Gerardas Dambrauskas4,1, Stephen J. Aves1, John A. Bryant3,1, Dennis Francis2 and Hilary J. Rogers2

1 School of Biological Sciences, Washington Singer Laboratories, University of Exeter, Exeter EX4 4QG, UK
2 School of Biosciences, Cardiff University, PO Box 915, Cardiff CF10 3TL, UK

3 To whom correspondence should be addressed. Fax: +44 (0)1392 264668. E-mail: J.A.Bryant{at}exeter.ac.uk
4 Present address: Department of Biochemistry, North Carolina State University, Raleigh, NC 27695, USA.

Very little is known about the expression patterns in plants of genes that encode proteins involved in the initiation of DNA replication.

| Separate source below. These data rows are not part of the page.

(* Let $n,t\ge1$, $q\ge2$, $b\ge1$. Then \[ N_{q,b}^+(n,t)=q^{t(b-1)}\sum_{i=0}^{t-1}\binom{n+t}{i}(q-1)^i\big[1-(-1)^{t-i}\big]. \]
   Context: $\Sigma_q=\{0,\ldots,q-1\}$. A $b$-burst-insertion at position $i\in[1,n+1]$ transforms $x_1\cdots x_n$ into $x_1\cdots x_{i-1}y_1\cdots y_b x_i\cdots x_n$ for arbitrary $y_1\cdots y_b\in\Sigma_q^b$. $\mathcal{I}_{t,b}(\boldsymbol{x})$ is the set of all length-$(n+tb)$ sequences obtainable from $\boldsymbol{x}$ by $t$ successive $b$-burst-insertions. $N_{q,b}^+(n,t)=\max\{|\mathcal{I}_{t,b}(\boldsymbol{x})\cap\mathcal{I}_{t,b}(\boldsymbol{y})|:\boldsymbol{x}\ne\boldsymbol{y}\in\Sigma_q^n\}$. Convention: $\binom{m}{i}=0$ if $m<i$. *)

theory Defs
  imports Main
begin

definition seqs :: "nat \<Rightarrow> nat \<Rightarrow> nat list set" where
  "seqs q n = {x. length x = n \<and> set x \<subseteq> {0..<q}}"

text \<open>All results of a single b-burst-insertion into x (insertion position i+1, i = 0..length x).\<close>
definition burst_ins :: "nat \<Rightarrow> nat \<Rightarrow> nat list \<Rightarrow> nat list set" where
  "burst_ins q b x = {take i x @ y @ drop i x | i y. i \<le> length x \<and> y \<in> seqs q b}"

fun burst_ins_ball :: "nat \<Rightarrow> nat \<Rightarrow> nat \<Rightarrow> nat list \<Rightarrow> nat list set" where
  "burst_ins_ball q b 0 x = {x}"
| "burst_ins_ball q b (Suc t) x = (\<Union>z \<in> burst_ins_ball q b t x. burst_ins q b z)"

definition N_plus :: "nat \<Rightarrow> nat \<Rightarrow> nat \<Rightarrow> nat \<Rightarrow> nat" where
  "N_plus q b n t = Max {card (burst_ins_ball q b t x \<inter> burst_ins_ball q b t y) | x y.
      x \<in> seqs q n \<and> y \<in> seqs q n \<and> x \<noteq> y}"

end

theory Submission
  imports Defs
begin

text \<open>Sort the sequences of \<open>\<I>\<^sub>t(x)\<close> by their first symbol \<open>s\<close>. If \<open>s\<close> is the first symbol
  of \<open>x\<close>, the remaining tails form \<open>\<I>\<^sub>t\<close> of the tail of \<open>x\<close>; otherwise \<open>s\<close> must open a
  burst, and the tails are an arbitrary word of length \<open>b - 1\<close> followed by an element of
  \<open>\<I>\<^sub>t\<^sub>-\<^sub>1(x)\<close>. This yields Levenshtein-type recurrences: \<open>|\<I>\<^sub>t(x)| = q\<^bsup>t(b-1)\<^esup> K(n,t)\<close> with
  \<open>K(n+1,t+1) = K(n,t+1) + (q-1) K(n+1,t)\<close>, and for \<open>x \<noteq> y\<close> the intersection is bounded by
  \<open>q\<^bsup>t(b-1)\<^esup> G(n,t)\<close>: a common first symbol is stripped, and otherwise the two symbols
  heading \<open>x\<close> resp. \<open>y\<close> contribute at most \<open>K(n,t-1)\<close> each and the other \<open>q-2\<close> symbols
  \<open>G(n,t-1)\<close>. The sequences
  \<open>0 0\<dots>0\<close> and \<open>1 0\<dots>0\<close> attain the bound, and \<open>G\<close> satisfies the same Pascal recurrence
  as the stated binomial sum.\<close>

section \<open>A normal form for burst-insertions\<close>

text \<open>\<open>burst_reach q b x t z\<close>: \<open>z\<close> arises from \<open>x\<close> by \<open>t\<close> burst-insertions each placed
  directly in front of a symbol of \<open>x\<close> or at its end. Every element of
  \<open>burst_ins_ball q b t x\<close> has such a derivation, since a burst inserted inside an earlier
  burst can be rearranged into two adjacent bursts.\<close>

inductive burst_reach :: "nat \<Rightarrow> nat \<Rightarrow> nat list \<Rightarrow> nat \<Rightarrow> nat list \<Rightarrow> bool" for q b where
  Nil: "burst_reach q b [] 0 []"
| Cons: "burst_reach q b x t z \<Longrightarrow> burst_reach q b (a # x) t (a # z)"
| Burst: "burst_reach q b x t z \<Longrightarrow> y \<in> seqs q b \<Longrightarrow> burst_reach q b x (Suc t) (y @ z)"

lemma burst_reach_0_iff: "burst_reach q b x 0 z \<longleftrightarrow> z = x"
proof
  have "burst_reach q b x t z \<Longrightarrow> t = 0 \<Longrightarrow> z = x" for t
    by (induction rule: burst_reach.induct) auto
  then show "burst_reach q b x 0 z \<Longrightarrow> z = x" by blast
next
  have "burst_reach q b x 0 x" by (induction x) (auto intro: burst_reach.intros)
  then show "z = x \<Longrightarrow> burst_reach q b x 0 z" by simp
qed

Partial cDNA sequences that encode Cdc6 and Mcm3 in tobacco have been isolated. The sequences were used as probes in northern blots which suggested that, in the cell cycle of synchronized tobacco BY-2 cells, expression of CDC6 is confined to late G1 and S-phase whereas the expression of MCM3 is not confined to any particular cell cycle phase. These data were confirmed and extended by real-time PCR measurements of mRNA abundance through the cell cycle. CDC6 exhibits a very clear peak of expression in S-phase whereas MCM3, expressed at a much lower level than CDC6, is not cell-cycle-regulated. These patterns of cell cycle gene expression resemble those found in the fission yeast Schizosaccharomyces pombe rather than those in budding yeast or mammalian cells.

Key words: BY-2, Cdc6, cell cycle, DNA replication, Mcm3, tobacco.